Postcards from Tomorrow Square

James Fallows offers insightful reporting on the rise of China.

Postcards from Tomorrow Square By James Fallows Vintage 288 pp., $14.95

Veteran journalist James Fallows is at his best when explaining complicated international transactions in plain language. Fallows, who has been writing from China for The Atlantic magazine for the past two years, is not a China specialist.

But having studied economics at Oxford University, he appears to understand China’s economy and finances better than most of his journalistic peers. Postcards from Tomorrow Square, Fallows’s new book about the rise of modern China, is full of engaging examples.

To make a point about how the Chinese government imposes “an unbelievably high savings rate” on the Chinese people, Fallows follows a dollar as it travels to China from a customer in America buying a Chinese-made electric toothbrush.

The Chinese factory that made the toothbrush can’t use the dollars it earns. First it must take its dollars to a Chinese bank and change them into the local currency, the undervalued RMB.
Then, thanks to China’s currency controls, the dollars spent at an American drugstore end up in the Chinese equivalent of the Federal Reserve bank.

That bank then transfers the dollars on to Chinese foreign exchange administrators who move the great majority of China’s savings into “the boring safety of U.S. Treasury notes.”

In effect, the Communist Party has approved a policy that takes money from poor factory workers and invests it in the United States, where it benefits not ordinary Chinese but US homeowners and lenders.

Having written extensively over the years on technological advances in different parts of the world, Fallows is also comfortable writing about the Internet.
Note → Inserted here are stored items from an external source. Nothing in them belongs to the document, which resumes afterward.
(* Let $M\subset\mathbb{CP}^n$ be a smooth hypersurface defined by a homogeneous polynomial $F$ of degree $d$. Work in the affine chart $Z_0\neq0$ with coordinates $z_i=Z_i/Z_0$, $i=1,\dots,n$, let $f(z)=F(1,z_1,\dots,z_n)$, and on an open set where $\partial f/\partial z_1\ne0$ write $M$ locally as a graph $z_1=z_1(z_2,\dots,z_n)$ with $z_1$ holomorphic in $(z_2,\dots,z_n)$; put $a_i=\partial z_1/\partial z_i$ ($2\le i\le n$), $|z|^2=\sum_{i=1}^n|z_i|^2$, $|a|^2=\sum_{i=2}^n|a_i|^2$, $F_k=\frac{\partial F}{\partial Z_k}$ evaluated at $(1,z_1,\dots,z_n)$, and $\rho=\frac{\sum_{k=0}^n|F_k|^2}{(1+|z|^2)|F_1|^2}$. The restriction of the Fubini–Study form to $M$ is $\omega=\frac{\sqrt{-1}}{2\pi}\sum_{i,j=2}^n\tilde g_{i\bar j}dz_i\wedge d\bar z_j$ with $$\tilde g_{i\bar j}=\frac{\delta_{ij}+a_i\bar a_j}{1+|z|^2}-\frac{(\bar z_i+\bar z_1a_i)(z_j+z_1\bar a_j)}{(1+|z|^2)^2}.$$ Then the inverse matrix $\tilde g^{i\bar j}$ (characterized by $\sum_{j=2}^n\tilde g_{i\bar j}\tilde g^{k\bar j}=\delta_{ik}$) is $$\tilde g^{i\bar j}=\frac1\rho\Big(\rho(1+|z|^2)\delta_{ji}-a_j\bar a_i+\bar z_jz_i(1+|a|^2)\Big)-\frac1\rho\Big(a_jz_i\big(\textstyle\sum_{k=2}^n\bar a_k\bar z_k-\bar z_1\big)+\bar z_j\bar a_i\big(\sum_{k=2}^na_kz_k-z_1\big)\Big).$$
   Context: The Fubini–Study form on $\mathbb{CP}^n$ is $\omega_{FS}=\frac{\sqrt{-1}}{2\pi}\partial\bar\partial\log\sum_{k=0}^n|Z_k|^2$. *)

theory Defs
  imports "HOL-Analysis.Analysis"
begin

text \<open>Homogeneous coordinates on CP^n are (Z0, Z1, W) where W :: complex^'m collects
  Z2..Zn (so n = CARD('m) + 1).  A polynomial is given by a finite set S of exponent
  vectors (exponent of Z0, exponent of Z1, exponents of the W-coordinates) and coefficients c.\<close>

definition hpoly ::
  "(nat \<times> nat \<times> ('m::finite \<Rightarrow> nat)) set \<Rightarrow> (nat \<times> nat \<times> ('m \<Rightarrow> nat) \<Rightarrow> complex)
   \<Rightarrow> complex \<Rightarrow> complex \<Rightarrow> complex^'m \<Rightarrow> complex" where
  "hpoly S c Z0 Z1 W =
     (\<Sum>e\<in>S. c e * Z0 ^ fst e * Z1 ^ fst (snd e) * (\<Prod>i\<in>UNIV. (W$i) ^ snd (snd e) i))"

definition homogeneous_deg :: "(nat \<times> nat \<times> ('m::finite \<Rightarrow> nat)) set \<Rightarrow> nat \<Rightarrow> bool" where
  "homogeneous_deg S d \<longleftrightarrow> finite S \<and> (\<forall>e\<in>S. fst e + fst (snd e) + sum (snd (snd e)) UNIV = d)"

definition vupd :: "'a^'m \<Rightarrow> 'm \<Rightarrow> 'a \<Rightarrow> 'a^'m" where
  "vupd w i t = (\<chi> j. if j = i then t else w$j)"

definition dZ0 :: "(complex \<Rightarrow> complex \<Rightarrow> complex^'m \<Rightarrow> complex) \<Rightarrow> complex \<Rightarrow> complex \<Rightarrow> complex^'m \<Rightarrow> complex" where
  "dZ0 F Z0 Z1 W = deriv (\<lambda>t. F t Z1 W) Z0"
definition dZ1 :: "(complex \<Rightarrow> complex \<Rightarrow> complex^'m \<Rightarrow> complex) \<Rightarrow> complex \<Rightarrow> complex \<Rightarrow> complex^'m \<Rightarrow> complex" where
  "dZ1 F Z0 Z1 W = deriv (\<lambda>t. F Z0 t W) Z1"
definition dW :: "(complex \<Rightarrow> complex \<Rightarrow> complex^'m \<Rightarrow> complex) \<Rightarrow> complex \<Rightarrow> complex \<Rightarrow> complex^'m \<Rightarrow> 'm \<Rightarrow> complex" where
  "dW F Z0 Z1 W k = deriv (\<lambda>t. F Z0 Z1 (vupd W k t)) (W$k)"

definition smooth_hypersurface :: "(complex \<Rightarrow> complex \<Rightarrow> complex^'m \<Rightarrow> complex) \<Rightarrow> bool" where
  "smooth_hypersurface F \<longleftrightarrow>
     (\<forall>Z0 Z1 W. (Z0, Z1, W) \<noteq> (0, 0, 0) \<and> F Z0 Z1 W = 0 \<longrightarrow>
        dZ0 F Z0 Z1 W \<noteq> 0 \<or> dZ1 F Z0 Z1 W \<noteq> 0 \<or> (\<exists>k. dW F Z0 Z1 W k \<noteq> 0))"

definition holomorphic_several :: "(complex^'m) set \<Rightarrow> (complex^'m \<Rightarrow> complex) \<Rightarrow> bool" where
  "holomorphic_several U g \<longleftrightarrow> open U \<and>
     (\<forall>w\<in>U. \<exists>L. (g has_derivative L) (at w) \<and> (\<forall>\<zeta> v. L (\<zeta> *s v) = \<zeta> * L v))"

end

theory Submission
  imports Defs
begin

(*
  Along the graph z1 = g(w) of the hypersurface, implicit differentiation of F(1, g(w), w) = 0
  gives F_k = - F_1 a_k, and Euler's identity for the homogeneous F then gives
  F_0 = F_1 (sum_k a_k w_k - z1).  Hence rho (1 + |z|^2) = 1 + |a|^2 + |sum_k a_k w_k - z1|^2.
  With N = 1 + |z|^2, the metric matrix is Id/N plus a rank-two term spanned by conj a and w,
  and the claimed inverse is N Id plus a rank-two term spanned by a and conj w; expanding their
  product leaves the identity plus a scalar remainder, which vanishes exactly because of the
  identity for rho.
*)

definition monomial_except :: "('m::finite \<Rightarrow> nat) \<Rightarrow> complex^'m \<Rightarrow> 'm \<Rightarrow> complex" where
  "monomial_except q W k = (\<Prod>j\<in>UNIV - {k}. (W$j) ^ q j)"

definition hpoly_dZ0 ::
  "(nat \<times> nat \<times> ('m::finite \<Rightarrow> nat)) set \<Rightarrow> (nat \<times> nat \<times> ('m \<Rightarrow> nat) \<Rightarrow> complex)
   \<Rightarrow> complex \<Rightarrow> complex \<Rightarrow> complex^'m \<Rightarrow> complex" where
  "hpoly_dZ0 S c Z0 Z1 W =
     (\<Sum>e\<in>S. c e * (of_nat (fst e) * Z0 ^ (fst e - 1)) * Z1 ^ fst (snd e) * (\<Prod>i\<in>UNIV. (W$i) ^ snd (snd e) i))"

definition hpoly_dZ1 ::
  "(nat \<times> nat \<times> ('m::finite \<Rightarrow> nat)) set \<Rightarrow> (nat \<times> nat \<times> ('m \<Rightarrow> nat) \<Rightarrow> complex)
   \<Rightarrow> complex \<Rightarrow> complex \<Rightarrow> complex^'m \<Rightarrow> complex" where
  "hpoly_dZ1 S c Z0 Z1 W =
     (\<Sum>e\<in>S. c e * Z0 ^ fst e * (of_nat (fst (snd e)) * Z1 ^ (fst (snd e) - 1)) * (\<Prod>i\<in>UNIV. (W$i) ^ snd (snd e) i))"

definition hpoly_dW ::
  "(nat \<times> nat \<times> ('m::finite \<Rightarrow> nat)) set \<Rightarrow> (nat \<times> nat \<times> ('m \<Rightarrow> nat) \<Rightarrow> complex)
   \<Rightarrow> complex \<Rightarrow> complex \<Rightarrow> complex^'m \<Rightarrow> 'm \<Rightarrow> complex" where
  "hpoly_dW S c Z0 Z1 W k =
     (\<Sum>e\<in>S. c e * Z0 ^ fst e * Z1 ^ fst (snd e) *
        (of_nat (snd (snd e) k) * (W$k) ^ (snd (snd e) k - 1) * monomial_except (snd (snd e)) W k))"

lemma prod_power_eq_monomial_except: "(\<Prod>i\<in>UNIV. (W$i) ^ q i) = (W$k) ^ q k * monomial_except q W k"
  unfolding monomial_except_def by (simp add: prod.remove)

lemma vupd_nth_same [simp]: "vupd W k t $ k = t"
  by (simp add: vupd_def)

lemma vupd_self [simp]: "vupd W k (W$k) = W"
  by (simp add: vupd_def vec_eq_iff)

lemma monomial_except_vupd [simp]: "monomial_except q (vupd W k t) k = monomial_except q W k"
  unfolding monomial_except_def vupd_def by (intro prod.cong) auto

lemma has_field_derivative_hpoly:
  assumes "finite S"
    and "(f0 has_field_derivative D0) (at t)"
    and "(f1 has_field_derivative D1) (at t)"
    and "(f2 has_field_derivative D2) (at t)"
  shows "((\<lambda>x. hpoly S c (f0 x) (f1 x) (vupd W k (f2 x))) has_field_derivative
     hpoly_dZ0 S c (f0 t) (f1 t) (vupd W k (f2 t)) * D0 + hpoly_dZ1 S c (f0 t) (f1 t) (vupd W k (f2 t)) * D1
      + hpoly_dW S c (f0 t) (f1 t) (vupd W k (f2 t)) k * D2) (at t)"
proof -
  have hpoly_eq: "hpoly S c (f0 x) (f1 x) (vupd W k (f2 x)) =
     (\<Sum>e\<in>S. c e * f0 x ^ fst e * f1 x ^ fst (snd e)
               * (f2 x ^ snd (snd e) k * monomial_except (snd (snd e)) W k))" for x
    unfolding hpoly_def by (intro sum.cong refl) (simp add: prod_power_eq_monomial_except[of _ _ k])
  show ?thesis
    unfolding hpoly_eq
    by (rule DERIV_cong, (rule DERIV_sum derivative_eq_intros DERIV_power assms refl)+)
      (simp add: hpoly_dZ0_def hpoly_dZ1_def hpoly_dW_def prod_power_eq_monomial_except[of _ _ k]
        sum.distrib sum_distrib_left algebra_simps)
qed

lemma dZ0_hpoly: "finite S \<Longrightarrow> dZ0 (hpoly S c) Z0 Z1 W = hpoly_dZ0 S c Z0 Z1 W"
  unfolding dZ0_def
  using has_field_derivative_hpoly[OF _ DERIV_ident DERIV_const[of Z1] DERIV_const[of "W$k"],
      where W=W and k=k and t=Z0]
  by (auto intro: DERIV_imp_deriv)

lemma dZ1_hpoly: "finite S \<Longrightarrow> dZ1 (hpoly S c) Z0 Z1 W = hpoly_dZ1 S c Z0 Z1 W"
  unfolding dZ1_def
  using has_field_derivative_hpoly[OF _ DERIV_const[of Z0] DERIV_ident DERIV_const[of "W$k"],
      where W=W and k=k and t=Z1]
  by (auto intro: DERIV_imp_deriv)

lemma dW_hpoly: "finite S \<Longrightarrow> dW (hpoly S c) Z0 Z1 W k = hpoly_dW S c Z0 Z1 W k"
  unfolding dW_def
  using has_field_derivative_hpoly[OF _ DERIV_const[of Z0] DERIV_const[of Z1] DERIV_ident,
      where W=W and k=k and t="W$k"]
  by (auto intro: DERIV_imp_deriv)

lemma sum_coord_mult_dW_monomial:
  "(\<Sum>k\<in>UNIV. W$k * (of_nat (q k) * (W$k) ^ (q k - 1) * monomial_except q W k))
     = of_nat (sum q UNIV) * (\<Prod>i\<in>UNIV. (W$i) ^ q i)"
proof -
  have "W$k * (of_nat (q k) * (W$k) ^ (q k - 1) * monomial_except q W k)
      = of_nat (q k) * (\<Prod>i\<in>UNIV. (W$i) ^ q i)" for k
    by (cases "q k") (auto simp: prod_power_eq_monomial_except[of _ _ k] mult_ac)
  then show ?thesis by (simp only: of_nat_sum sum_distrib_right)
qed

lemma hpoly_euler:
  assumes "homogeneous_deg S d"
  shows "Z0 * hpoly_dZ0 S c Z0 Z1 W + Z1 * hpoly_dZ1 S c Z0 Z1 W + (\<Sum>k\<in>UNIV. W$k * hpoly_dW S c Z0 Z1 W k)
     = of_nat d * hpoly S c Z0 Z1 W"
proof -
  have deg: "of_nat (fst e) + of_nat (fst (snd e)) + of_nat (sum (snd (snd e)) UNIV) = (of_nat d :: complex)"
    if "e \<in> S" for e
    using assms that unfolding homogeneous_deg_def by (metis of_nat_add)
  have dW_part: "(\<Sum>k\<in>UNIV. W$k * hpoly_dW S c Z0 Z1 W k) = (\<Sum>e\<in>S. c e * Z0 ^ fst e * Z1 ^ fst (snd e) *
      (\<Sum>k\<in>UNIV. W$k * (of_nat (snd (snd e) k) * (W$k) ^ (snd (snd e) k - 1) * monomial_except (snd (snd e)) W k)))"
    unfolding hpoly_dW_def sum_distrib_left by (subst sum.swap) (simp add: mult_ac)
  have "Z0 * hpoly_dZ0 S c Z0 Z1 W + Z1 * hpoly_dZ1 S c Z0 Z1 W + (\<Sum>k\<in>UNIV. W$k * hpoly_dW S c Z0 Z1 W k)
    = (\<Sum>e\<in>S. c e * Z0 ^ fst e * Z1 ^ fst (snd e) * (\<Prod>i\<in>UNIV. (W$i) ^ snd (snd e) i) *
         (of_nat (fst e) + of_nat (fst (snd e)) + of_nat (sum (snd (snd e)) UNIV)))"
    unfolding dW_part sum_coord_mult_dW_monomial hpoly_dZ0_def hpoly_dZ1_def sum_distrib_left sum.distrib[symmetric]
    apply (intro sum.cong refl)
    subgoal for e by (cases "fst e"; cases "fst (snd e)") (simp_all add: algebra_simps)
    done
  also have "\<dots> = of_nat d * hpoly S c Z0 Z1 W"
    unfolding hpoly_def sum_distrib_left by (intro sum.cong refl) (simp add: deg mult_ac del: of_nat_sum)
  finally show ?thesis .
qed

lemma bounded_linear_axis: "bounded_linear (axis i :: 'a::euclidean_space \<Rightarrow> 'a^'m::finite)"
  by (auto simp: linear_conv_bounded_linear[symmetric] intro!: linearI simp: vec_eq_iff axis_def)

lemma vupd_eq_axis: "vupd (w::'a::ab_group_add^'m) i t = (w - axis i (w$i)) + axis i t"
  by (simp add: vec_eq_iff vupd_def axis_def)

lemma has_derivative_vupd: "(vupd (w::'a::euclidean_space^'m::finite) i has_derivative axis i) (at x)"
proof -
  have "((\<lambda>t. (w - axis i (w$i)) + axis i t) has_derivative (\<lambda>t. 0 + axis i t)) (at x)"
    by (intro has_derivative_add has_derivative_const
        bounded_linear.has_derivative[OF bounded_linear_axis has_derivative_ident])
  then show ?thesis by (simp add: vupd_eq_axis[abs_def])
qed

lemma holomorphic_several_partial:
  fixes g :: "complex^'m::finite \<Rightarrow> complex"
  assumes "holomorphic_several U g" "w \<in> U"
  shows "((\<lambda>t. g (vupd w i t)) has_field_derivative deriv (\<lambda>t. g (vupd w i t)) (w$i)) (at (w$i))"
proof -
  from assms obtain L where L: "(g has_derivative L) (at w)" and L_lin: "\<And>\<zeta> v. L (\<zeta> *s v) = \<zeta> * L v"
    unfolding holomorphic_several_def by blast
  have "((\<lambda>t. g (vupd w i t)) has_derivative (\<lambda>t. L (axis i t))) (at (w$i))"
    by (rule has_derivative_compose[OF has_derivative_vupd]) (simp add: L)
  moreover have "(\<lambda>t. L (axis i t)) = (*) (L (axis i 1))"
  proof
    fix t
    have "axis i t = t *s (axis i 1 :: complex^'m)" by (simp add: vec_eq_iff axis_def)
    then show "L (axis i t) = L (axis i 1) * t" by (simp add: L_lin mult.commute)
  qed
  ultimately have "(\<lambda>t. g (vupd w i t)) field_differentiable at (w$i)"
    unfolding field_differentiable_def has_field_derivative_def by auto
  then show ?thesis by (rule field_differentiable_derivI)
qed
In one excellent chapter, Fallows clearly describes how China’s control over the Internet has grown more sophisticated: The censors create an atmosphere of unpredictability based on ever-changing lines that can’t be crossed. This serves to encourage highly effective self-censorship.

But Fallows’s book mostly emphasizes  positive developments in China.

He describes the country’s  new volunteerism, its success in manufacturing, and its attempts to cope with environmental pollution. He provides compelling portraits of several would-be Chinese entrepreneurs competing on a Chinese reality TV show modeled on Donald Trump’s “The Apprentice.”

He also profiles Chinese entrepreneurial heroes who aspire to do more than make money. One is a wealthy innovator who reveres Al Gore and promotes energy conservation. Two others, Taiwan-born business executives, have undertaken the seemingly impossible mission of reducing poverty in China’s remote western provinces.

Fallows accuses the “Western press” of generally conveying a “dim image” of China. Unfortunately, he fails to give specific examples of where the Western media go wrong. (He also blames the Chinese government for doing a lousy public relations job.)

My own view is that China-based correspondents from the US and elsewhere deserve credit for covering tough subjects that Fallows barely touches on. These include pervasive government corruption, dangerous poisons in Chinese food and milk products, a brutal crackdown in Tibet, severe restrictions on Muslims in Xinjiang, and widespread repression of dissidents, petitioners, and unauthorized religious groups.

Seriously understating the case, Fallows acknowledges that the rule of law is “still shaky” in China.

He writes that the Chinese government at all levels is becoming “more accountable,” but he neglects, for instance, to look into local-level gangsterization  – the use of paid thugs by local officials and police to intimidate protesters and enforce land grabs.

To his credit, Fallows acknowledges his limits. No one, he argues, can provide the “overall picture” of China in a single book. It’s “simply too big and too contradictory.”

Fallows bases his book on magazine articles on China that he wrote from 2006 up until quite recently. But “Postcards from Tomorrow Square” already has a slightly dated feel, because Fallows – understandably – was unable to incorporate the most recent news about the global recession that has struck China with great force.

The Chinese media call this a “financial tsunami” and Fallows may need an entirely new book to deal with it.

Dan Southerland, executive editor of congressionally funded Radio Free Asia, is a former Monitor correspondent and a former Beijing bureau chief for The Washington Post.